Action item: Set down, exactly as written, every line from the top of the records below to the line containing "x) \<longlongrightarrow> psi", both ends included, and no others.

Provided records:
++++++++

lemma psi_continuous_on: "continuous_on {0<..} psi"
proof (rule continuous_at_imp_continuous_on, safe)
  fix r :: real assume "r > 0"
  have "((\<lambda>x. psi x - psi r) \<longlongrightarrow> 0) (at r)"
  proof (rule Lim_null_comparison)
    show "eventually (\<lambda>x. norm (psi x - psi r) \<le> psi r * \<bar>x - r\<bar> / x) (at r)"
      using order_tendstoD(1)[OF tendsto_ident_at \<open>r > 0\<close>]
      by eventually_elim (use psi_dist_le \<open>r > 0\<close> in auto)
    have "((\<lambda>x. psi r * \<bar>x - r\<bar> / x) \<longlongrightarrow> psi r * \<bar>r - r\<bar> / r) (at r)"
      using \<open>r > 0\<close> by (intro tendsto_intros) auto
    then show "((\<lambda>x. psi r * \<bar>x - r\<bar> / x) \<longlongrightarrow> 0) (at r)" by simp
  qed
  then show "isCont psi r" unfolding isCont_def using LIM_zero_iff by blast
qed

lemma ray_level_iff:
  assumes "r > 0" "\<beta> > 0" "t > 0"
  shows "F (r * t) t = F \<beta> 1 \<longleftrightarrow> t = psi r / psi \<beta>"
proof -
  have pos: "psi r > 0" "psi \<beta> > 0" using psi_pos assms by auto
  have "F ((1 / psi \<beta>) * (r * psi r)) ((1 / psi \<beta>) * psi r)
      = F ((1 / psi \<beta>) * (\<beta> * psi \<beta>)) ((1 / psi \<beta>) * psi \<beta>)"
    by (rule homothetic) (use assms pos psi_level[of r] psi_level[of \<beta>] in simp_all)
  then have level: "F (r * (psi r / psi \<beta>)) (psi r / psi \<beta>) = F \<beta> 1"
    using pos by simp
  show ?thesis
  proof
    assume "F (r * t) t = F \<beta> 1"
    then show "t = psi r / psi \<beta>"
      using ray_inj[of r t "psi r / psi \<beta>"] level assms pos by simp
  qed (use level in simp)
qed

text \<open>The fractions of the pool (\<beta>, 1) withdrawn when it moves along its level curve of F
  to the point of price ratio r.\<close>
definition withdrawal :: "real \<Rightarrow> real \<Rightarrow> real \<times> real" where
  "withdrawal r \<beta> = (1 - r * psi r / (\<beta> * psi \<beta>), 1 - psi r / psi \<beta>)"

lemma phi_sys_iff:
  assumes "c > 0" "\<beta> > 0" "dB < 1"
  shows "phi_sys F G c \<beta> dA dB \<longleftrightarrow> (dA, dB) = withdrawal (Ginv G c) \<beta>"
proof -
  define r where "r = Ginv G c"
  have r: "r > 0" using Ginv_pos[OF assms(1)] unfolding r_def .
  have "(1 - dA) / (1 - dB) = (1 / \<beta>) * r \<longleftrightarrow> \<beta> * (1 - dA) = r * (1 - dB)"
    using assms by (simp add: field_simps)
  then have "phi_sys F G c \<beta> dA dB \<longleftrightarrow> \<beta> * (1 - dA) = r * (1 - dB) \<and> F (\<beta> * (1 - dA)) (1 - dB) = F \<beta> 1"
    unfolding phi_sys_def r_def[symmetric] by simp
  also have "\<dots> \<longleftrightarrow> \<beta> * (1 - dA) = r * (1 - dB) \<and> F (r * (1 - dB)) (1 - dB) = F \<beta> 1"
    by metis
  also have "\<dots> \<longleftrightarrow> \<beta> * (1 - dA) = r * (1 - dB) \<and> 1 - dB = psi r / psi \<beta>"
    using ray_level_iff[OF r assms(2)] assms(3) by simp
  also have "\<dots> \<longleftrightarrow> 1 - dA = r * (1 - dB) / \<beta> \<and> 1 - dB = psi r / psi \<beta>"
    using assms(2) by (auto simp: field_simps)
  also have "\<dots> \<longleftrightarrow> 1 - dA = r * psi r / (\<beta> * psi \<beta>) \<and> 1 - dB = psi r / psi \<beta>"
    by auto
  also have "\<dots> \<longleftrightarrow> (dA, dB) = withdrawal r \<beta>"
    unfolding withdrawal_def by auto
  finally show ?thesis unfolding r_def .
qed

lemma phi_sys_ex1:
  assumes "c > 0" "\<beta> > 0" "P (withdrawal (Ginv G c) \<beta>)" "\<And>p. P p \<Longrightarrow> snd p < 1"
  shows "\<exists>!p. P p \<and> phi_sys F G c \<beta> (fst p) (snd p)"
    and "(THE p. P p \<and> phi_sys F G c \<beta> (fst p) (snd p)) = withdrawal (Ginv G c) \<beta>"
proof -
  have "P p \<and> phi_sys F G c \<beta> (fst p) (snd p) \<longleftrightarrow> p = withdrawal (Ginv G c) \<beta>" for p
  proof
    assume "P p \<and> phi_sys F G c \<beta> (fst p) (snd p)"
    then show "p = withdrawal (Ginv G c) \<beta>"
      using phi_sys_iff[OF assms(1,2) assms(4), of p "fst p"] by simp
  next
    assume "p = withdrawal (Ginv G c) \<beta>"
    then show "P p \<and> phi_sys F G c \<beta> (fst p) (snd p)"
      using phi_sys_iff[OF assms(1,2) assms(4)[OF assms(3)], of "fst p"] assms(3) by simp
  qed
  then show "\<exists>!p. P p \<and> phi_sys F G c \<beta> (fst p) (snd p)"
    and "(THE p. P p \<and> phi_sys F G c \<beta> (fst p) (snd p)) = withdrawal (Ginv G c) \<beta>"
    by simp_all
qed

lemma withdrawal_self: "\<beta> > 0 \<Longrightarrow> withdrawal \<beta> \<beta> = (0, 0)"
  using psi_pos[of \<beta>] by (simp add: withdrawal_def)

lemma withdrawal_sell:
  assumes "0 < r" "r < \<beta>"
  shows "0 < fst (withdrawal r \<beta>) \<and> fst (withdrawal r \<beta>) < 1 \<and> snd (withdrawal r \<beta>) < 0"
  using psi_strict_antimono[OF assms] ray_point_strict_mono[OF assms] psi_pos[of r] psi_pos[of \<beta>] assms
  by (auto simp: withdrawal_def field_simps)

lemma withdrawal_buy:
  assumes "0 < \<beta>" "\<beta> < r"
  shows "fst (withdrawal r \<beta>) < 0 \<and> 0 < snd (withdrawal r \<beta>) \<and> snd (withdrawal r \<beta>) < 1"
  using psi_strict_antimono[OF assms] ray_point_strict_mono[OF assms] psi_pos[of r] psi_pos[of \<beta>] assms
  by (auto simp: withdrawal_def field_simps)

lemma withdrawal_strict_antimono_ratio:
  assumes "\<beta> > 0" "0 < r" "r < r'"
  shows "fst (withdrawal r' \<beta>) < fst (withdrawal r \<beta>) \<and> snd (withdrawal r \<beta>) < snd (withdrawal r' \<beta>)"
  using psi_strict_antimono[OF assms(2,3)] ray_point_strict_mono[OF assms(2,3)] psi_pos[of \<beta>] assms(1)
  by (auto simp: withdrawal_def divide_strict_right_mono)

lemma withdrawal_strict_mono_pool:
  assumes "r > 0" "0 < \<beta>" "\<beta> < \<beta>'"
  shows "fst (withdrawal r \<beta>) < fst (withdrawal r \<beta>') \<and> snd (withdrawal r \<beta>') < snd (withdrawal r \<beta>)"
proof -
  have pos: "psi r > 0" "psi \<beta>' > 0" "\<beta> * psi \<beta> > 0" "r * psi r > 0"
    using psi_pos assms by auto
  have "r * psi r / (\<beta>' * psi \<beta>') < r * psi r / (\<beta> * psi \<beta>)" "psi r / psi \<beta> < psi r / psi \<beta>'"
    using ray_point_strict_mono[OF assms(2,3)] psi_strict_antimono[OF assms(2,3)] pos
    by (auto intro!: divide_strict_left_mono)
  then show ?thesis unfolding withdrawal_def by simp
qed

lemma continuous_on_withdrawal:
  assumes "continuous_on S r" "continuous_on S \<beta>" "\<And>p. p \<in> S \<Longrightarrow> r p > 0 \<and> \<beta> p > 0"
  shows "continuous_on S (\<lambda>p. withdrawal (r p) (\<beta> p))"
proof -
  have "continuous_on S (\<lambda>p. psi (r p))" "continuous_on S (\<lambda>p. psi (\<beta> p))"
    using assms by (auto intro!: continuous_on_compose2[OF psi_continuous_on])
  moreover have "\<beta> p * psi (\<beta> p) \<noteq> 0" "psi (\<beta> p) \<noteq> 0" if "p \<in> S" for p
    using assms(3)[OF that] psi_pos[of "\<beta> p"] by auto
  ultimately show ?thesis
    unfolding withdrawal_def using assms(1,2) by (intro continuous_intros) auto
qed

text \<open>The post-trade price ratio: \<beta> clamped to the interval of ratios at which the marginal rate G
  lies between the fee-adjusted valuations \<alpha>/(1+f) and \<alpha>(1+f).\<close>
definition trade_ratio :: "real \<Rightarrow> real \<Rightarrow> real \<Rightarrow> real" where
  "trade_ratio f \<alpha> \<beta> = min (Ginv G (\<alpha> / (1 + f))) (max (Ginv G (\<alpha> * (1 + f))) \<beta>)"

++++++++

Solution below:
lemma psi_continuous_on: "continuous_on {0<..} psi"
proof (rule continuous_at_imp_continuous_on, safe)
  fix r :: real assume "r > 0"
  have "((\<lambda>x. psi x - psi r) \<longlongrightarrow> 0) (at r)"
  proof (rule Lim_null_comparison)
    show "eventually (\<lambda>x. norm (psi x - psi r) \<le> psi r * \<bar>x - r\<bar> / x) (at r)"
      using order_tendstoD(1)[OF tendsto_ident_at \<open>r > 0\<close>]
      by eventually_elim (use psi_dist_le \<open>r > 0\<close> in auto)
    have "((\<lambda>x. psi r * \<bar>x - r\<bar> / x) \<longlongrightarrow> psi r * \<bar>r - r\<bar> / r) (at r)"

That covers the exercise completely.